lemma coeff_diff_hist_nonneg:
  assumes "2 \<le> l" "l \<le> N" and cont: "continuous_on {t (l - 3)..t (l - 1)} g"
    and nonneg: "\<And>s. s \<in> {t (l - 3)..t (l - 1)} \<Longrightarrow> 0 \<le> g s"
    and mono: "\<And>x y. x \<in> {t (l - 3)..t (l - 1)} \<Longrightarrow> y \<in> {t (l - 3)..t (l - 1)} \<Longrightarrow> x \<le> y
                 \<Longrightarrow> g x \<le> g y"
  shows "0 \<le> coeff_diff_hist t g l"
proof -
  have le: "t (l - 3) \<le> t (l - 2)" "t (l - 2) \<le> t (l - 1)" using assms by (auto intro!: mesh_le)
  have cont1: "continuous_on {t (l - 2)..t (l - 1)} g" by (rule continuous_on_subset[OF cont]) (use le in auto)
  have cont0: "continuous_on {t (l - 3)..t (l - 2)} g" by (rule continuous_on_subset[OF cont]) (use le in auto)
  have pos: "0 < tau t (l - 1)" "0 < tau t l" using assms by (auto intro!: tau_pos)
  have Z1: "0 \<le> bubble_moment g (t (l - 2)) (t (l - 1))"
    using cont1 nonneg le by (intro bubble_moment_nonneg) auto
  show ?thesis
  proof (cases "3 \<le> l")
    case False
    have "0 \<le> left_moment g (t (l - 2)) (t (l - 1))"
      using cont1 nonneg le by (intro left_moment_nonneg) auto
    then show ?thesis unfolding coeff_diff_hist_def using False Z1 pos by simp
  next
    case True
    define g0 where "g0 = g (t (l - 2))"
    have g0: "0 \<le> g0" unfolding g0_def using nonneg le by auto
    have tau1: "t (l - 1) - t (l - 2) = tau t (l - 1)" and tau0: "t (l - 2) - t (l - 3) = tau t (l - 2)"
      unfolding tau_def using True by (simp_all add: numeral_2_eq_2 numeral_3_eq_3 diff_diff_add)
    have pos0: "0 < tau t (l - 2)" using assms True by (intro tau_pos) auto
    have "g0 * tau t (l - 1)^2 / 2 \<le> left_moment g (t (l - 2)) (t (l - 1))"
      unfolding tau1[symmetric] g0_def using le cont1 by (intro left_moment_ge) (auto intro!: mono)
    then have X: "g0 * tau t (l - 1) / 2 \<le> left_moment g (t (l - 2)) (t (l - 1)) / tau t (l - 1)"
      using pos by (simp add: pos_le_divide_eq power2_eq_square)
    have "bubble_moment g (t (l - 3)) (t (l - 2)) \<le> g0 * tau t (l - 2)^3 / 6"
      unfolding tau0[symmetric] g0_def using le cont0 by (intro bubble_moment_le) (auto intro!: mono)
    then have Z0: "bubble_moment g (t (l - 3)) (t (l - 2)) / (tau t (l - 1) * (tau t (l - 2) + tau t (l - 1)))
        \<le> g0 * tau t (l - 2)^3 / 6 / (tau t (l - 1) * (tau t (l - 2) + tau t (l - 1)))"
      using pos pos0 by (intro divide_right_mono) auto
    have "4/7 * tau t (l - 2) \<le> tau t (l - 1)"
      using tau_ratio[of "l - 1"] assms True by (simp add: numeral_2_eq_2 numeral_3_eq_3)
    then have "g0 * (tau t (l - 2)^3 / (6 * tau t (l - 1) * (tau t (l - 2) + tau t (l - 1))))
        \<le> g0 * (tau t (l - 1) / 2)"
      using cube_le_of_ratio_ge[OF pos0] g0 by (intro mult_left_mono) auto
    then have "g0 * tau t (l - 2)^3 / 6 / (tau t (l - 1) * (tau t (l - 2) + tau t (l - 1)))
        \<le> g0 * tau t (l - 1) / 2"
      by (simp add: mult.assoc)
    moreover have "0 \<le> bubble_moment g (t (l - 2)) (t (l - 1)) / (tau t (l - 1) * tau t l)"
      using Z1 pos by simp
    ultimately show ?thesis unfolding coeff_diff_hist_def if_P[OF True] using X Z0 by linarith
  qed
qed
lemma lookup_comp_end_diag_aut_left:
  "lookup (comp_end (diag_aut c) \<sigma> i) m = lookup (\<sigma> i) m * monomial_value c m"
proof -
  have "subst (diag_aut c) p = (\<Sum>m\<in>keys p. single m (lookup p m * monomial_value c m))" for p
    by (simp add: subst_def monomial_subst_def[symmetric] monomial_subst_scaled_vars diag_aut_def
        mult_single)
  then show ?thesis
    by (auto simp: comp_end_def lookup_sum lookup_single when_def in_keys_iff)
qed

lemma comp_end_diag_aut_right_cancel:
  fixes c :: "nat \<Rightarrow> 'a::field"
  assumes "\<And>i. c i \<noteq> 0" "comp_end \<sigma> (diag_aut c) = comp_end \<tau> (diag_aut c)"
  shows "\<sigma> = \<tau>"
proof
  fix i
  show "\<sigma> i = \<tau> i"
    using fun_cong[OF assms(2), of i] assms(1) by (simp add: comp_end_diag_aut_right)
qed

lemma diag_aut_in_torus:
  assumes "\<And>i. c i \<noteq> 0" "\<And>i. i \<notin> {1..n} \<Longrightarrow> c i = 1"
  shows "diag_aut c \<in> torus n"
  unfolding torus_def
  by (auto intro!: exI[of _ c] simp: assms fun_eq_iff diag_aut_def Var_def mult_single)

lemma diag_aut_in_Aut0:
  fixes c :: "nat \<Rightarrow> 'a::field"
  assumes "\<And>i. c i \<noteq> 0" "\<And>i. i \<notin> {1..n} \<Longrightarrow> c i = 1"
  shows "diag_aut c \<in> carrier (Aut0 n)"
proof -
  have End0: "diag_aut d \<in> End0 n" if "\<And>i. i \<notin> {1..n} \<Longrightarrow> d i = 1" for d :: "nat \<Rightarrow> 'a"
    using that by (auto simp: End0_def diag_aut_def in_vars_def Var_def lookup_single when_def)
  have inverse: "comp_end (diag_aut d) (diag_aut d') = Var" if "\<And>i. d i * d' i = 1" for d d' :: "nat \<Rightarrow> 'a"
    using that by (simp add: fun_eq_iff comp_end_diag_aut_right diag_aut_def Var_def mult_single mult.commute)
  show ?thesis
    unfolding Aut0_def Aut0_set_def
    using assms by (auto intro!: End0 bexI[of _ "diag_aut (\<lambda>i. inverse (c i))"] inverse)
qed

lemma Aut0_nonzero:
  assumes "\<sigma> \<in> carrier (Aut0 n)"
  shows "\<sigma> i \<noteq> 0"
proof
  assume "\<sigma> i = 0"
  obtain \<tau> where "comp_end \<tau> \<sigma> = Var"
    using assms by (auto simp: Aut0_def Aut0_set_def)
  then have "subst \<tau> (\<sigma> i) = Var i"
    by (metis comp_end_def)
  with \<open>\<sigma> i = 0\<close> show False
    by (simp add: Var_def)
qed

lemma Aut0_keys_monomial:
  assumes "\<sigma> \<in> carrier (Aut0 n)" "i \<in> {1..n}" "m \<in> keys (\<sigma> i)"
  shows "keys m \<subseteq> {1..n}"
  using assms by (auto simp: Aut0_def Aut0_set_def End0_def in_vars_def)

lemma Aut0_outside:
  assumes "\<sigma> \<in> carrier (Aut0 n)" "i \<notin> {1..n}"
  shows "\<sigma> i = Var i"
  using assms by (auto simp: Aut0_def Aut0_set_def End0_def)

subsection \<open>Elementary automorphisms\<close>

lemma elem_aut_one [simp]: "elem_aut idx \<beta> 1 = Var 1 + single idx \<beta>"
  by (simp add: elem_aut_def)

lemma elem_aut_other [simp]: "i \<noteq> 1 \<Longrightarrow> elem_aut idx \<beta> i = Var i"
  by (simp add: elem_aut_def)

******************************

**Work to be completed:**
Look through the material above and print exactly the lines from the one containing "1)) / tau t" to the one containing "2)) / (tau t", both included, and nothing more.

**Solution for this exercise:**
    then have X: "g0 * tau t (l - 1) / 2 \<le> left_moment g (t (l - 2)) (t (l - 1)) / tau t (l - 1)"
      using pos by (simp add: pos_le_divide_eq power2_eq_square)
    have "bubble_moment g (t (l - 3)) (t (l - 2)) \<le> g0 * tau t (l - 2)^3 / 6"
      unfolding tau0[symmetric] g0_def using le cont0 by (intro bubble_moment_le) (auto intro!: mono)
    then have Z0: "bubble_moment g (t (l - 3)) (t (l - 2)) / (tau t (l - 1) * (tau t (l - 2) + tau t (l - 1)))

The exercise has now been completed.